Инспектор решил, что мисс Банхилл должна чувствовать себя сейчас не блестяще и, следовательно, самое время попробовать получить от нее сведения, которые могли бы натолкнуть его на след крупных воротил. Поллард поймал такси и направился прямиком в Ноттинг–Хилл. Дом сто двадцать четыре по Сент–Аннс–роуд выглядел далеко не дворцом. Наркоманы мало заботятся об удобствах, поскольку большую часть времени проводят в мирах иных. Маленькая, бесцветная, как бы вылинявшая женщина, назвавшаяся домовладелицей, соблаговолила сообщить инспектору, что мисс Банхилл только что вернулась домой, но сочла нужным заметить, хихикнув, что состояние мисс Банхилл показалось ей не особенно располагающим к беседе.
Дверь комнаты не была заперта, и, поскольку ответа на стук не последовало, инспектор вошел. Запущенная комната. Повсюду валяются неубранные вещи, рядом с плитой — гора грязной посуды. Тяжелый, спертый воздух, пропитанный запахом кухни, свидетельствовал, что окно здесь открывается крайне редко. Что касается хозяйства, то, очевидно, никого не волновало, ведется оно или нет. Полицейский сразу узнал эту отвратительную беззаботность жертв наркотиков, теряющих всякое представление о человеческом достоинстве и не способных думать о чем–либо, кроме возможности снова впасть в подобное смерти, но зато успокаивающее забытье, которое несут с собой укол или горсть таблеток. Мисс Банхилл спала на разобранной постели одетая, даже не потрудившись снять башмаки. Но сон ее оказался гораздо менее глубок, чем можно было предположить, поскольку, почувствовав чье–то постороннее присутствие, девушка тут же открыла глаза. Сначала ее тусклый взгляд бессознательно скользнул по лицу Полларда, не задерживаясь, потом снова остановился на нем, и крохотные зрачки расширились. Мисс Банхилл попробовала приподняться, но ей это не удалось, и инспектору пришлось помочь девушке сесть.
— Что вам тут у меня надо? — с трудом выдавила она.
— Я вошел, потому что вы не ответили на мой стук, а дверь не была заперта.
— И чего вы от меня хотите?
— Поговорить.
— О чем?
— О наркотиках.
Мисс Банхилл подозрительно осмотрела инспектора с головы до ног и недоверчиво спросила:
— Вас послал Сэм?
— Нет.
— Вот как! А впрочем, плевать… У меня нет денег, а сама я не настолько аппетитна, чтобы вы согласились на другой вид оплаты. Так ведь?
— Значит, вы уже и до этого дошли, мисс Банхилл?

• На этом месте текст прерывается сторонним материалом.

text \<open>
  Level \<open>m\<close> of the construction is a finite \<open>mesh m\<close>-net of \<open>X\<close>; a point's address records, at
  each level, the first net point within distance \<open>mesh m\<close>, so the cells of addresses of
  length \<open>Suc k\<close> have diameter less than \<open>2 * mesh k\<close> and refine each other.
\<close>

definition mesh :: "nat \<Rightarrow> real" where "mesh m = 1 / real (Suc m)"

lemma mesh_pos: "mesh m > 0" by (simp add: mesh_def)

lemma ex_mesh_less: "e > 0 \<Longrightarrow> \<exists>k. 2 * mesh k < e"
proof -
  assume e: "e > 0"
  obtain n :: nat where "2 / e < real n" using reals_Archimedean2 by blast
  then have "2 < e * real (Suc n)" using e by (simp add: field_simps)
  then have "2 * mesh n < e" using e by (simp add: mesh_def field_simps)
  then show ?thesis by blast
qed

definition net :: "nat \<Rightarrow> 'a list" where
  "net m = (SOME l. set l \<subseteq> X \<and> X \<subseteq> (\<Union>q\<in>set l. ball q (mesh m)))"

lemma net: "set (net m) \<subseteq> X" "X \<subseteq> (\<Union>q\<in>set (net m). ball q (mesh m))"
proof -
  obtain t where t: "t \<subseteq> X" "finite t" "X \<subseteq> \<Union>((\<lambda>q. ball q (mesh m)) ` t)"
    by (rule compactE_image[OF compact_X, of X "\<lambda>q. ball q (mesh m)"]) (use mesh_pos in force)+
  then obtain l where "set l = t" using finite_list by blast
  then have "\<exists>l. set l \<subseteq> X \<and> X \<subseteq> (\<Union>q\<in>set l. ball q (mesh m))" using t by blast
  then show "set (net m) \<subseteq> X" "X \<subseteq> (\<Union>q\<in>set (net m). ball q (mesh m))"
    unfolding net_def by (metis (mono_tags, lifting) someI_ex)+
qed

lemma length_net_pos: "length (net m) > 0"
  using net[of m] X_nonempty by auto

definition net_index :: "nat \<Rightarrow> 'a \<Rightarrow> nat" where
  "net_index m x = (LEAST i. i < length (net m) \<and> dist x (net m ! i) < mesh m)"

lemma net_index:
  assumes "x \<in> X"
  shows "net_index m x < length (net m)" "dist x (net m ! net_index m x) < mesh m"
proof -
  obtain q where "q \<in> set (net m)" "dist x q < mesh m"
    using net(2)[of m] assms by (auto simp: dist_commute)
  then obtain i where "i < length (net m) \<and> dist x (net m ! i) < mesh m"
    by (auto simp: in_set_conv_nth)
  then have "net_index m x < length (net m) \<and> dist x (net m ! net_index m x) < mesh m"
    unfolding net_index_def by (rule LeastI)
  then show "net_index m x < length (net m)" "dist x (net m ! net_index m x) < mesh m" by auto
qed

definition address :: "nat \<Rightarrow> 'a \<Rightarrow> nat list" where
  "address k x = map (\<lambda>m. net_index m x) [0..<k]"

lemma length_address[simp]: "length (address k x) = k"
  by (simp add: address_def)

lemma address_Suc: "address (Suc k) x = address k x @ [net_index k x]"
  by (simp add: address_def)

lemma take_address: "m \<le> k \<Longrightarrow> take m (address k x) = address m x"
  by (simp add: address_def take_map)

definition cell :: "nat list \<Rightarrow> 'a set" where
  "cell s = {x\<in>X. address (length s) x = s}"

lemma cell_Nil[simp]: "cell [] = X"
  by (simp add: cell_def address_def)

lemma cell_subset: "cell s \<subseteq> X"
  by (auto simp: cell_def)

lemma in_cell_address: "x \<in> X \<Longrightarrow> x \<in> cell (address k x)"
  by (simp add: cell_def)

lemma cell_take: "x \<in> cell s \<Longrightarrow> m \<le> length s \<Longrightarrow> x \<in> cell (take m s)"
  by (auto simp: cell_def take_address[symmetric] min_def)

lemma dist_in_cell_less:
  assumes "x \<in> cell s" "z \<in> cell s" "length s = Suc k"
  shows "dist x z < 2 * mesh k"
proof -
  have xz: "x \<in> X" "z \<in> X" "address (Suc k) x = s" "address (Suc k) z = s"
    using assms by (auto simp: cell_def)
  then have "net_index k x = net_index k z" using address_Suc[of k x] address_Suc[of k z] by auto
  then have "dist x (net k ! net_index k x) < mesh k" "dist z (net k ! net_index k x) < mesh k"
    using net_index(2)[OF xz(1), of k] net_index(2)[OF xz(2), of k] by metis+
  then show ?thesis using dist_triangle2[of x z "net k ! net_index k x"] by auto
qed

primrec addresses :: "nat \<Rightarrow> nat list set" where
  "addresses 0 = {[]}"
| "addresses (Suc k) = (\<lambda>(s, i). s @ [i]) ` (addresses k \<times> {..<length (net k)})"

lemma finite_addresses: "finite (addresses k)"
  by (induction k) auto

lemma length_addresses: "s \<in> addresses k \<Longrightarrow> length s = k"
  by (induction k arbitrary: s) auto

lemma address_in_addresses: "x \<in> X \<Longrightarrow> address k x \<in> addresses k"
  by (induction k) (auto simp: address_Suc net_index address_def)

lemma addresses_SucE:
  assumes "s \<in> addresses (Suc k)"
  obtains s0 i where "s = s0 @ [i]" "s0 \<in> addresses k" "i < length (net k)"
  using assms by auto

lemma sum_addresses_indicator_cell:
  assumes "x \<in> X"
  shows "(\<Sum>s\<in>addresses k. g s * indicator (cell s) x) = (g (address k x) :: real)"
proof -
  have "(\<Sum>s\<in>addresses k. g s * indicator (cell s) x)
      = (\<Sum>s\<in>addresses k. if address k x = s then g s else 0)"
    using assms by (intro sum.cong) (auto simp: cell_def indicator_def length_addresses)
  also have "\<dots> = g (address k x)"
    using address_in_addresses[OF assms] finite_addresses by simp
  finally show ?thesis .
qed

Она долго и непонимающе смотрела на него.
— Вы… не собираетесь… предложить мне… товар?
— Нет.
— Тогда я не понимаю.
— Я из полиции, мисс Банхилл.
Девушка содрогнулась от ужаса.
— Вы хотите меня забрать?
— Нет.
Поллард уселся у изголовья кровати.
— Послушайте–ка меня, мисс Банхилл. Я здесь не для того, чтобы добавить к вашим страданиям новые, я хочу попробовать спасти вас.
Она пожала плечами.
— Слишком поздно.
— Ошибаетесь. Сколько вам лет?
— Двадцать четыре.
— И вы, конечно, считаете себя старухой?
— Я на самом деле стара.
В ответе не слышалось ни малейшей иронии, а, напротив, убежденность, поразившая инспектора. И ему пришлось сделать над собой усилие, чтобы продолжить разговор.
— Не говорите глупостей! Уверяю вас, если вы захотите помочь мне, я вас вылечу, и вы снова станете такой же девушкой, как другие.
Она тихонько, беззвучно заплакала.
— Если бы только это было правдой…
— Так и будет, только надо меня слушаться. Как вы пришли к этому, мисс Банхилл?
Она, почти не колеблясь, рассказала Полларду свою историю, похожую на сотни других, уже слышанных им раньше. Безработица, одиночество, бары, вкус к легкому на вид существованию, а потом однажды — тоскливый вечер, когда, вдруг протрезвев, подводишь итоги и видишь такой жалкий результат, что испытываешь непреодолимое желание покончить счеты с жизнью. Тут появляется сердобольный друг и заявляет, что враз приведет вас в чувство — и всего–то одним пустяковым уколом. Вы, конечно, относитесь к этому скептически, но соглашаетесь, потому что раз уж решили умереть, то не все ли равно… И — о чудо! Наркотик оказывает волшебное действие. Все, что вас только что угнетало, кажется теперь пустяком, и вы снова верите в возможность жить. Но потом депрессия возвращается, и вы идете к услужливому другу, который на сей раз «вынужден» взять за укол деньги. Попались. И дальше вы уже не можете обходиться без наркотика, денег нет и так далее. И все это кончается проституцией, самоубийством или больницей.